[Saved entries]
* * * * *
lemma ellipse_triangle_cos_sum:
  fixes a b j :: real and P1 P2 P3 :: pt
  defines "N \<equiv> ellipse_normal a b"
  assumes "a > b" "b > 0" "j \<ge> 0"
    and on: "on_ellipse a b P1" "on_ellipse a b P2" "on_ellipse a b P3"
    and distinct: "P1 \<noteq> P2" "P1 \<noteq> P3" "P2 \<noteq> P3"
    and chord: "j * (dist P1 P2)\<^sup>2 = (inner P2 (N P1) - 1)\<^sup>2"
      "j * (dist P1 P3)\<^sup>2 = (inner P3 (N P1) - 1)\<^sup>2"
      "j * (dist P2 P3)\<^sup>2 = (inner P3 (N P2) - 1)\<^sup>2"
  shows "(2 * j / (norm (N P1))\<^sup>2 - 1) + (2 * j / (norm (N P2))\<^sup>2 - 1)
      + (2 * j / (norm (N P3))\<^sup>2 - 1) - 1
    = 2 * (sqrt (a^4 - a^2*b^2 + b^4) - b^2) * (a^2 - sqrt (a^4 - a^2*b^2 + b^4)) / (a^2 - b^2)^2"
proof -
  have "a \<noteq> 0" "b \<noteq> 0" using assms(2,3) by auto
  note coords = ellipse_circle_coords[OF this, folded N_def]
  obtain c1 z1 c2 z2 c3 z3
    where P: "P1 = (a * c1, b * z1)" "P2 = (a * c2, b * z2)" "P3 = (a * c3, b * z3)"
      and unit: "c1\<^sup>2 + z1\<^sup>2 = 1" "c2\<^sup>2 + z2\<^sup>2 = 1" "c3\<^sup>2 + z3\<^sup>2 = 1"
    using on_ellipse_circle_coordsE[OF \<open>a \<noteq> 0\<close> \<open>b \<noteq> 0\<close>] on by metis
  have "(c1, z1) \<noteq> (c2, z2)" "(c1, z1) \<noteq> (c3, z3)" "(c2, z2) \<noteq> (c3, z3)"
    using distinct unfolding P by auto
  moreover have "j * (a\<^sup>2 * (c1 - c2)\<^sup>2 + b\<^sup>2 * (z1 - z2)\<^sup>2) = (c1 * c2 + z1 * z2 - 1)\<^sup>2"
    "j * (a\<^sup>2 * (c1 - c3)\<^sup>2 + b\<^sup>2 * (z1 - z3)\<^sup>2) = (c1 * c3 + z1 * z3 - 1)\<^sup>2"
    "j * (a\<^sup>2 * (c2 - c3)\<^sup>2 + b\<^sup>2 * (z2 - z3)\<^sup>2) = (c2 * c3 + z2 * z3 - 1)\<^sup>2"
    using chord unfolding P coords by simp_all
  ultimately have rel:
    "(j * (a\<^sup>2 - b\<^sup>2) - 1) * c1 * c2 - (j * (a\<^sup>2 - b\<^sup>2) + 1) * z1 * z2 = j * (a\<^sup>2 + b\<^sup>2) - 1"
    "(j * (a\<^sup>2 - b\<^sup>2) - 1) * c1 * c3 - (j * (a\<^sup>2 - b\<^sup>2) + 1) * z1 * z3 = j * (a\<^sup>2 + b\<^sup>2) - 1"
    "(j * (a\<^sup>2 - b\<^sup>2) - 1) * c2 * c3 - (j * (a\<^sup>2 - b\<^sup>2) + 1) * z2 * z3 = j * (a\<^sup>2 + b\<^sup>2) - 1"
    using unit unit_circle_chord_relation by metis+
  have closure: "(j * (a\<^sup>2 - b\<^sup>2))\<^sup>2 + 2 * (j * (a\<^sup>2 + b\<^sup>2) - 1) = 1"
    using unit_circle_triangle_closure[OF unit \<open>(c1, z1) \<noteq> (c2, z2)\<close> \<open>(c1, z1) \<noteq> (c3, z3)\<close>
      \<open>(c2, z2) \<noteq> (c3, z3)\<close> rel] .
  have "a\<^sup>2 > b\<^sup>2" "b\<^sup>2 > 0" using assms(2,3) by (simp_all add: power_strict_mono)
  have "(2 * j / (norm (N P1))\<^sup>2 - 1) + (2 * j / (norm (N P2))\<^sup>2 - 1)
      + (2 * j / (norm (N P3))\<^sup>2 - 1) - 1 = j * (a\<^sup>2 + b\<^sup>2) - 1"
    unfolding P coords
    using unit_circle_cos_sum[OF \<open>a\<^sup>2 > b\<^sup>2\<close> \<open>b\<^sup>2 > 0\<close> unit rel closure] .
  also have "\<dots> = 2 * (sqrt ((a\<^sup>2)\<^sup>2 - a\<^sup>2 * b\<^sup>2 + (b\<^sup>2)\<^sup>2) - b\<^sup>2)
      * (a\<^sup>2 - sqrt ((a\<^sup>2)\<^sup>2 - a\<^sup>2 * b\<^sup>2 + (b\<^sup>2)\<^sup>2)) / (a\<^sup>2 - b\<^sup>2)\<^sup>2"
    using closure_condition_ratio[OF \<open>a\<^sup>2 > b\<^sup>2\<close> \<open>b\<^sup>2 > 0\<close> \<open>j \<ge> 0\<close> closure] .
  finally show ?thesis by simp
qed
* * * * *
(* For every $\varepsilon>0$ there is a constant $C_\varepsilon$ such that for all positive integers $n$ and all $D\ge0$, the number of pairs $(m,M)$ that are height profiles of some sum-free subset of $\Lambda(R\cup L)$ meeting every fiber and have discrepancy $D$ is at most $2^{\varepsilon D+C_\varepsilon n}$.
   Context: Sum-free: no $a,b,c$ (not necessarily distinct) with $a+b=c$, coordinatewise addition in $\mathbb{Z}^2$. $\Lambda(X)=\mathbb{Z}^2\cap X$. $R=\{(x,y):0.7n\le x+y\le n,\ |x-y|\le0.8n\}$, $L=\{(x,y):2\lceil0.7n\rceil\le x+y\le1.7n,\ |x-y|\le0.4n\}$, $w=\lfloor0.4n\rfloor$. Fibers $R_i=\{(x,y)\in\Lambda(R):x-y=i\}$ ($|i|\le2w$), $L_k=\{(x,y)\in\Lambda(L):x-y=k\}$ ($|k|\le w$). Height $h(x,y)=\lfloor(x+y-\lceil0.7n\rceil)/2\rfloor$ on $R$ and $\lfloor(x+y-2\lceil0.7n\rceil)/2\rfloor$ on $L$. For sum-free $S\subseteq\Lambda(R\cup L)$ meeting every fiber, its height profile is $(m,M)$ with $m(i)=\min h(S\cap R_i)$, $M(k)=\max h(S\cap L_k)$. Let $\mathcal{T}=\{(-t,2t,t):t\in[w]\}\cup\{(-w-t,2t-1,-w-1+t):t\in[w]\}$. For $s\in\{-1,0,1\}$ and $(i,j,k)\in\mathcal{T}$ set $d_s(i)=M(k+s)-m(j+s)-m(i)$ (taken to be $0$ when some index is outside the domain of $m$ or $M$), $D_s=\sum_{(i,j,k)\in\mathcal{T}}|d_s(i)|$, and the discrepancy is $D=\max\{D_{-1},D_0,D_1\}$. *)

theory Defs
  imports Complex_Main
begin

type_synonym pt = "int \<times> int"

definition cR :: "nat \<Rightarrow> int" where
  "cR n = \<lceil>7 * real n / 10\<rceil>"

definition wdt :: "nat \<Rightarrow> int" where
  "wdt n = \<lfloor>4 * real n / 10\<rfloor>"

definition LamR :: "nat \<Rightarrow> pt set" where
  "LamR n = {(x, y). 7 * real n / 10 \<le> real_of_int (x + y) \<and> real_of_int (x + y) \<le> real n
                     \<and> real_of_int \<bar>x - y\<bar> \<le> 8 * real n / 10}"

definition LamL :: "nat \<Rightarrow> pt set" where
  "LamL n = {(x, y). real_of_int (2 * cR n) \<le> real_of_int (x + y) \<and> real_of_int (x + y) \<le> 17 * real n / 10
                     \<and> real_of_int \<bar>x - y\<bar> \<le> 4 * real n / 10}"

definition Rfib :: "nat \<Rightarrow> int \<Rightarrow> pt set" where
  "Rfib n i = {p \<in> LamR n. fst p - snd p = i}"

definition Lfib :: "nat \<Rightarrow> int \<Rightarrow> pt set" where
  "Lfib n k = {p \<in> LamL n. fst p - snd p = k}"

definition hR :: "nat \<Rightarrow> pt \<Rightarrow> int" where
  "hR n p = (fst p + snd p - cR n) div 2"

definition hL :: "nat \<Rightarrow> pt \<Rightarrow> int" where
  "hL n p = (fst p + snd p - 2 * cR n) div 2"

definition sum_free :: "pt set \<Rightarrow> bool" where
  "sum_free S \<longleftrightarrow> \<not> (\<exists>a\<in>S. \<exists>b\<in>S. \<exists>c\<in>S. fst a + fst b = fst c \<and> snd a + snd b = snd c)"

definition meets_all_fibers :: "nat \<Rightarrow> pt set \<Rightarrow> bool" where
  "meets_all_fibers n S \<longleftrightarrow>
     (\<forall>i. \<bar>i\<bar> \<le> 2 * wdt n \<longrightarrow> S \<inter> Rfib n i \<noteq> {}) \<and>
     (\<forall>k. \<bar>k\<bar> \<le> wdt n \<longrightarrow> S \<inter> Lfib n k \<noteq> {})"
* * * * *
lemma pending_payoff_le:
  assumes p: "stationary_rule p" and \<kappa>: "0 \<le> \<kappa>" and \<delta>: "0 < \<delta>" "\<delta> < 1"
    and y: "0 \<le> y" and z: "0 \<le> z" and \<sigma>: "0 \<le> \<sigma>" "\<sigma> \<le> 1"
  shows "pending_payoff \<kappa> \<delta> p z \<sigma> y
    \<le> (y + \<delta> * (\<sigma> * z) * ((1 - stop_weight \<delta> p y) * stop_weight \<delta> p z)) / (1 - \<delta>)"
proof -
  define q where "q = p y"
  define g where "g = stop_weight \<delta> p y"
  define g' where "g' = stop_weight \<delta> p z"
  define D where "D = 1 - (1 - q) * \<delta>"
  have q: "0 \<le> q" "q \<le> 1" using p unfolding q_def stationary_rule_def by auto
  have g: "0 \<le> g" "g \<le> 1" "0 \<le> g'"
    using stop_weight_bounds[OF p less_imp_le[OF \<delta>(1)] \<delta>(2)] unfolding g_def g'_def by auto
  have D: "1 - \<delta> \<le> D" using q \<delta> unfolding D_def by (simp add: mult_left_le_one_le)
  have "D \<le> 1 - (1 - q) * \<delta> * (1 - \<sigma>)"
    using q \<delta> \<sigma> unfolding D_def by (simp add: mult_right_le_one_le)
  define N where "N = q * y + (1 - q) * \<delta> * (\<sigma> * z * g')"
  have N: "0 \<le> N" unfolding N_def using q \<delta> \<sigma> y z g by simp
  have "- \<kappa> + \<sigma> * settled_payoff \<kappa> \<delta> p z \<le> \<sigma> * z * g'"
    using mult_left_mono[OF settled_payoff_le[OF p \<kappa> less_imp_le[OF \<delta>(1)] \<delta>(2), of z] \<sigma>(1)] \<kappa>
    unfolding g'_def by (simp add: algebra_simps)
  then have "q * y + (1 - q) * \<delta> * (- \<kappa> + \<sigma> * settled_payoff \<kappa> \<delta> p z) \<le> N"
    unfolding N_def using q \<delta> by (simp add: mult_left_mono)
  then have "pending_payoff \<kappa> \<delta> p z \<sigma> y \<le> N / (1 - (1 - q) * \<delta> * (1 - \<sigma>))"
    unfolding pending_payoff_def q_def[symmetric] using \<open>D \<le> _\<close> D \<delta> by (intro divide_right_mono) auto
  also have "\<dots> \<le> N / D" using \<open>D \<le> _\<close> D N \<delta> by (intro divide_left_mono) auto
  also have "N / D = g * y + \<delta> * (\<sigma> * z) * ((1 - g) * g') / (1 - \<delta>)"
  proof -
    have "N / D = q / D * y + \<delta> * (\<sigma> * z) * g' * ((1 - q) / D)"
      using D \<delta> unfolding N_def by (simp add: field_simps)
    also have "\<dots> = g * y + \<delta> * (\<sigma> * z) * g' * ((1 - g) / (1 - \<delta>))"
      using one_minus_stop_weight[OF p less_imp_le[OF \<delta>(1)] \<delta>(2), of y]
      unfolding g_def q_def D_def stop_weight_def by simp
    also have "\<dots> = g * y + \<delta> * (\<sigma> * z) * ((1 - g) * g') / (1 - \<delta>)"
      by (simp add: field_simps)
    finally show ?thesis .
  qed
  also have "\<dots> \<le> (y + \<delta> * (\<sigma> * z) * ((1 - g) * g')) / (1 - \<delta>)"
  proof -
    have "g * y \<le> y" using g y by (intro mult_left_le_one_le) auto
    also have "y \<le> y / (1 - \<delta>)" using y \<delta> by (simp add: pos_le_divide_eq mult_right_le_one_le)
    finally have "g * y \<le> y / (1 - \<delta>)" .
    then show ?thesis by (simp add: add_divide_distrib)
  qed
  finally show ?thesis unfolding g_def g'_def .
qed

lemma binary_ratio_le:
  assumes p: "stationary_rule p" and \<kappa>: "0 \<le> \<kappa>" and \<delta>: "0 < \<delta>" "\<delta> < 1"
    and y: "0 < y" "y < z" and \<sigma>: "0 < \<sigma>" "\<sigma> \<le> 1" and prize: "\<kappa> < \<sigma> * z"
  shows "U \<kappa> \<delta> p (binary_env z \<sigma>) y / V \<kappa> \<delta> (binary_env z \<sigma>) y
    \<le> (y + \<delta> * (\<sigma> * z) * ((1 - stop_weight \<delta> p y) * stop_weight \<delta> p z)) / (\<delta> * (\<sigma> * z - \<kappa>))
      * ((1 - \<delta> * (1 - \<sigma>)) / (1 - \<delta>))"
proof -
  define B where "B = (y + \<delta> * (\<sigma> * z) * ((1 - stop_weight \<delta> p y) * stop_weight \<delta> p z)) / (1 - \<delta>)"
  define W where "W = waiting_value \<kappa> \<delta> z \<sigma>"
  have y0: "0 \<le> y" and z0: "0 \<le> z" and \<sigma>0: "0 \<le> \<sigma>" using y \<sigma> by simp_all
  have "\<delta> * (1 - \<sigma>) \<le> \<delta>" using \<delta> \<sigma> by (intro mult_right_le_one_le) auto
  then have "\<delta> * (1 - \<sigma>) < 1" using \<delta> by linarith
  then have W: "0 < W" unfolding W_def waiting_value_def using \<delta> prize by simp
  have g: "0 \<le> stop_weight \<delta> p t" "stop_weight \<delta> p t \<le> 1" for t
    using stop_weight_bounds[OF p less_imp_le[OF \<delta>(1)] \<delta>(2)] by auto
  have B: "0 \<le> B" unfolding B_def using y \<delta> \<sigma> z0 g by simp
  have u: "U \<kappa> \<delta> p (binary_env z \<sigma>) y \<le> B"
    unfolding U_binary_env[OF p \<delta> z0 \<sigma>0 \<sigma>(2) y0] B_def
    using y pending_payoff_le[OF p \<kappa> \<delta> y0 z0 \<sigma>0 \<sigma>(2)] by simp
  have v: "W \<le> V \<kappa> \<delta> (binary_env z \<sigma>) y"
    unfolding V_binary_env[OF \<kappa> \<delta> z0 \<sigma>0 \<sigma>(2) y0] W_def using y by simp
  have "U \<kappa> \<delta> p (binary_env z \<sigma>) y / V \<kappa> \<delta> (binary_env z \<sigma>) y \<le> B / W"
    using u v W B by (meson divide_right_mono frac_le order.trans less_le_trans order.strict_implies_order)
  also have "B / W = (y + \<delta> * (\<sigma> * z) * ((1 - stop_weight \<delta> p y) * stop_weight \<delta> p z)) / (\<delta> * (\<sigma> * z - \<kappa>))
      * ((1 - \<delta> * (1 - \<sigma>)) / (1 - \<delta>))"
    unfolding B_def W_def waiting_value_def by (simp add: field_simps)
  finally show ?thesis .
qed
* * * * *
[What to produce]: Look above for the line with "g'_def by auto" and the line with "z \<sigma> y \<le>". Write out those two lines and all the lines between them, exactly, and no others.

[Task result]:
    using stop_weight_bounds[OF p less_imp_le[OF \<delta>(1)] \<delta>(2)] unfolding g_def g'_def by auto
  have D: "1 - \<delta> \<le> D" using q \<delta> unfolding D_def by (simp add: mult_left_le_one_le)
  have "D \<le> 1 - (1 - q) * \<delta> * (1 - \<sigma>)"
    using q \<delta> \<sigma> unfolding D_def by (simp add: mult_right_le_one_le)
  define N where "N = q * y + (1 - q) * \<delta> * (\<sigma> * z * g')"
  have N: "0 \<le> N" unfolding N_def using q \<delta> \<sigma> y z g by simp
  have "- \<kappa> + \<sigma> * settled_payoff \<kappa> \<delta> p z \<le> \<sigma> * z * g'"
    using mult_left_mono[OF settled_payoff_le[OF p \<kappa> less_imp_le[OF \<delta>(1)] \<delta>(2), of z] \<sigma>(1)] \<kappa>
    unfolding g'_def by (simp add: algebra_simps)
  then have "q * y + (1 - q) * \<delta> * (- \<kappa> + \<sigma> * settled_payoff \<kappa> \<delta> p z) \<le> N"
    unfolding N_def using q \<delta> by (simp add: mult_left_mono)
  then have "pending_payoff \<kappa> \<delta> p z \<sigma> y \<le> N / (1 - (1 - q) * \<delta> * (1 - \<sigma>))"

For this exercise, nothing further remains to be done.